=== Source material ===

(* Let $S$ be an off-rational subgroup of $\mathbb R^2$ and $\xi$ an off-rational subgroup of $\mathbb R$ such that $\tau(S)\supset\xi$. Then there is a nested sequence $\Gamma=(\Gamma_j)_{j\ge1}$ of lattices $\Gamma_1\supset\Gamma_2\supset\cdots$ in $H_3(\mathbb R)$ such that $S_\Gamma=S$ and $\xi_\Gamma=\xi$. If $S$ is dense in $\mathbb R^2$ then $\bigcap_j p(\Gamma_j)=\{0\}$. If, in addition, $\xi$ is dense in $\mathbb R$, then $\bigcap_j\Gamma_j=\{1\}$.
   Context: $H_3(\mathbb R)$: real $3\times3$ upper triangular unipotent matrices; $c(t)$ has $(1,3)$ entry $t$, other off-diagonal entries $0$; for $g$ with $(1,2)$ entry $t_1$ and $(2,3)$ entry $t_2$, $p(g)=(t_1,t_2)$. A lattice is a discrete subgroup of finite covolume. For a lattice $\Lambda$: $\Lambda\cap\{c(t)\}=\{c(m\xi_\Lambda):m\in\mathbb Z\}$, $\xi_\Lambda>0$; $p(\Lambda)=A\mathbb Z^2$, $A\in GL_2(\mathbb R)$, and $p(\Lambda)^*:=(A^* )^{-1}\mathbb Z^2$. $S_\Gamma:=\bigcup_j p(\Gamma_j)^*$, $\xi_\Gamma:=\bigcup_j\xi_{\Gamma_j}^{-1}\mathbb Z$. Off-rational: a subgroup $S\subset\mathbb R^m$ whose closure is cocompact and $S=AQ$ with $A\in GL_m(\mathbb R)$ and $Q\subset\mathbb Q^m$ a subgroup. Writing $Q=\bigcup_jA_j^{-1}\mathbb Z^m$ with $A_j\in GL_m(\mathbb R)\cap M_m(\mathbb Z)$ and $A_1^{-1}\mathbb Z^m\subset A_2^{-1}\mathbb Z^m\subset\cdots$, set $\tau(S):=\bigcup_j\frac{\det A}{\det A_j}\mathbb Z$ (independent of choices). *)

theory Defs
  imports "HOL-Analysis.Analysis"
begin

text \<open>An element of H_3(R), the upper triangular unipotent 3x3 matrix with
(1,2) entry a, (2,3) entry b and (1,3) entry c, is represented by its
coordinates (a, b, c). The group law below is matrix multiplication in these
coordinates; the topology is that of R^3 and Haar measure is Lebesgue measure.\<close>

type_synonym heis = "real \<times> real \<times> real"

definition heis_mult :: "heis \<Rightarrow> heis \<Rightarrow> heis" where
  "heis_mult g h = (case g of (a, b, c) \<Rightarrow> case h of (a', b', c') \<Rightarrow>
      (a + a', b + b', c + c' + a * b'))"

definition heis_one :: heis where
  "heis_one = (0, 0, 0)"

definition heis_inv :: "heis \<Rightarrow> heis" where
  "heis_inv g = (case g of (a, b, c) \<Rightarrow> (- a, - b, a * b - c))"

definition heis_c :: "real \<Rightarrow> heis" where
  "heis_c t = (0, 0, t)"

definition heis_p :: "heis \<Rightarrow> real^2" where
  "heis_p g = (case g of (a, b, c) \<Rightarrow> vector [a, b])"

definition heis_subgroup :: "heis set \<Rightarrow> bool" where
  "heis_subgroup G \<longleftrightarrow> heis_one \<in> G \<and> (\<forall>g\<in>G. \<forall>h\<in>G. heis_mult g h \<in> G)
      \<and> (\<forall>g\<in>G. heis_inv g \<in> G)"

definition heis_discrete :: "heis set \<Rightarrow> bool" where
  "heis_discrete G \<longleftrightarrow> (\<forall>g\<in>G. \<exists>e>0. \<forall>h\<in>G. dist h g < e \<longrightarrow> h = g)"

text \<open>Finite covolume: there is a Borel (strict) fundamental domain for the
action of G on H_3(R) by left translation, of finite Haar (= Lebesgue) measure.\<close>

definition heis_finite_covolume :: "heis set \<Rightarrow> bool" where
  "heis_finite_covolume G \<longleftrightarrow> (\<exists>F. F \<in> sets lborel \<and> emeasure lborel F < \<infinity> \<and>
      (\<forall>g. \<exists>!\<gamma>. \<gamma> \<in> G \<and> heis_mult (heis_inv \<gamma>) g \<in> F))"

definition heis_lattice :: "heis set \<Rightarrow> bool" where
  "heis_lattice G \<longleftrightarrow> heis_subgroup G \<and> heis_discrete G \<and> heis_finite_covolume G"

definition int_vecs :: "(real^'n) set" where
  "int_vecs = {v. \<forall>i. v $ i \<in> \<int>}"

definition xi_lat :: "heis set \<Rightarrow> real" where
  "xi_lat L = (THE \<xi>. \<xi> > 0 \<and> L \<inter> range heis_c = {heis_c (of_int m * \<xi>) | m. True})"

definition dual_lat :: "(real^'n) set \<Rightarrow> (real^'n) set" where
  "dual_lat L = (let A = (SOME A :: real^'n^'n. invertible A \<and> L = (\<lambda>z. A *v z) ` int_vecs)
     in (\<lambda>z. matrix_inv (transpose A) *v z) ` int_vecs)"

definition S_Gamma :: "(nat \<Rightarrow> heis set) \<Rightarrow> (real^2) set" where
  "S_Gamma \<Gamma> = (\<Union>j. dual_lat (heis_p ` \<Gamma> j))"

definition xi_Gamma :: "(nat \<Rightarrow> heis set) \<Rightarrow> real set" where
  "xi_Gamma \<Gamma> = (\<Union>j. {of_int m / xi_lat (\<Gamma> j) | m. True})"

definition rat_vecs :: "(real^'n) set" where
  "rat_vecs = {v. \<forall>i. v $ i \<in> \<rat>}"

definition add_subgroup :: "'a::ab_group_add set \<Rightarrow> bool" where
  "add_subgroup Q \<longleftrightarrow> 0 \<in> Q \<and> (\<forall>x\<in>Q. \<forall>y\<in>Q. x + y \<in> Q) \<and> (\<forall>x\<in>Q. - x \<in> Q)"

definition cocompact :: "(real^'n) set \<Rightarrow> bool" where
  "cocompact T \<longleftrightarrow> (\<exists>K. compact K \<and> (\<forall>v. \<exists>t\<in>T. \<exists>k\<in>K. v = t + k))"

===

What to do = Every line above that holds the string "case" should be copied into the answer.

Solution below =
  "heis_mult g h = (case g of (a, b, c) \<Rightarrow> case h of (a', b', c') \<Rightarrow>
  "heis_inv g = (case g of (a, b, c) \<Rightarrow> (- a, - b, a * b - c))"
  "heis_p g = (case g of (a, b, c) \<Rightarrow> vector [a, b])"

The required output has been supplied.